In this example, we’ve declared a single entry (main):
entry: {
main: [
'./includes/utility.js'
]
}
Each entry can contain a reference to an array of one or more javascript dependencies that will all be bundled up together (along with their dependencies). If it’s only a single file you need to reference for your entry, you can use a string argument instead of an array (but it’s probably worth keeping it in an array for when you change your mind).
The main bundle will include the code from includes/utility.js as well as the necessary webpack supporting code to make module dependencies work.
We need to let webpack know what to do with the generated output:
output: {
path: path.join(__dirname, 'dist'),
filename: '[name].bundle.js'
}
output.path is a reference to the absolute path where webpack will drop the generated files. output.filename gives webpack a template for generating bundle names. [name] tells it to use the entry name (main) for the generated file name. There are other options that can be specified to provide unique hash values as well.
If you weren’t dealing with legacy JavaScript, you could stop there. If it was just CommonJS modules you were pulling into your entries, you could call it a day. However, you need to pull in a JavaScript file and have it executed like normal when the bundle is referenced, so it’s time to introduce loaders:
module: {
loaders: [{
test: /\.js$/,
include: path.join(__dirname, 'includes'),
loader: 'script'
}]
}
Loaders are matched up with file types and paths. They can be chained together and form the pipeline that assets are run through before being spit out into the output.path.

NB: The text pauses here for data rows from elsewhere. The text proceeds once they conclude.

(* Consider a system with a finite set $S$ of tasks and minimum average reward requirements $q^*_X>0$ (as in the context), and a scheduling policy $\eta$ under which the evolution of the system state $D(k)=[d_X(k) : X\in S]$, $k=0,1,2,\dots$, is a Markov chain. If this Markov chain is irreducible and positive recurrent, then the system is fulfilled by $\eta$.
   Context: A system consists of a finite set $S$ of tasks. Time is slotted, $t\in\{0,1,2,\dots\}$. Each task $X\in S$ has a period $\tau_X$ (a positive integer); time is partitioned into consecutive periods of $X$ of $\tau_X$ slots each, the first starting at $t=0$, and in each period $X$ has one job, removed at the end of the period. Let $T=\mathrm{lcm}\{\tau_X : X\in S\}$; time is partitioned into consecutive frames of $T$ slots each, the $k$-th frame ($k=1,2,\dots$) being the $k$-th such block starting from $t=0$. A scheduling policy (possibly randomized) chooses in each slot either to idle or to execute the job of exactly one task. Each task $X$ has rewards $r^1_X\ge r^2_X\ge\dots\ge r^{\tau_X}_X\ge 0$: executing the job of $X$ for the $i$-th time within a period yields reward $r^i_X$ to $X$. Let $s_X(t)$ be the total reward obtained by $X$ between time 0 and $t$; the average reward is $q_X=\liminf_{t\to\infty}s_X(t)/(t/T)$. Each task has a requirement $q^*_X>0$; a policy fulfills the system if $q_X\ge q^*_X$ with probability 1 for all $X\in S$. Let $\tilde q_X(k)$ be the total reward obtained by $X$ during the $k$-th frame. The debt of $X$ is defined by $d_X(0)=0$ and $d_X(k)=[d_X(k-1)+q^*_X-\tilde q_X(k)]^+$ for $k>0$, where $[x]^+=\max\{x,0\}$. The state of the system at frame $k$ is the vector of debts $[d_X(k) : X\in S]$. *)

theory Defs
  imports "HOL-Probability.Probability"
begin

text \<open>A (realised) schedule is a function sg :: nat => 'x option: in slot t the job of
  task X is executed iff sg t = Some X, and the system idles iff sg t = None.
  Rewards r X i are indexed from i = 1 (the i-th execution within a period).\<close>

definition frame_len :: "'x set \<Rightarrow> ('x \<Rightarrow> nat) \<Rightarrow> nat" where
  "frame_len S tau = Lcm (tau ` S)"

For our loader, we are testing for all files that end in “.js”. More specifically, we are also indicating which folders this loader applies to via the include property. The loader property indicates which loader will be used to process the files that are matched.
We’re using script-loader for this example. This loader ensures that the script is executed in the global context when the bundle is loaded (just like the <script /> tag would normally do). While the loader is official named script-loader, the loader property allows you to optionally drop -loader from the name, but you’ll see it both ways in examples, so it’s good to be aware of it.
And that’s the extent of the configuration! We can now run webpack:
You can take a look at the generated file in dist/main.bundle.js. That’s all we had to do! You can expand this out and bundle a whole slew of your legacy files into a single bundle, or you can create multiple bundles (but don’t include more than one on a page for now… we have to extract some common code in another post before you do that).
Now would be a good time for you to pull down the sample project and play around with it a bit. I’ve included tests that demonstrate that the function is in the global namespace. You can see the test results if you run npm test. If you run webpack —help, you can see some of the options you can pass it. A lot of those options are just an alternative to what you can specify in the webpack.config.js file, but there are a number of options that involve displaying the output in a more comprehensive manner. Try them out! You should also try and run webpack -p and take a look at the output. We’ll get into all of that at a later time, but this is a great place to start!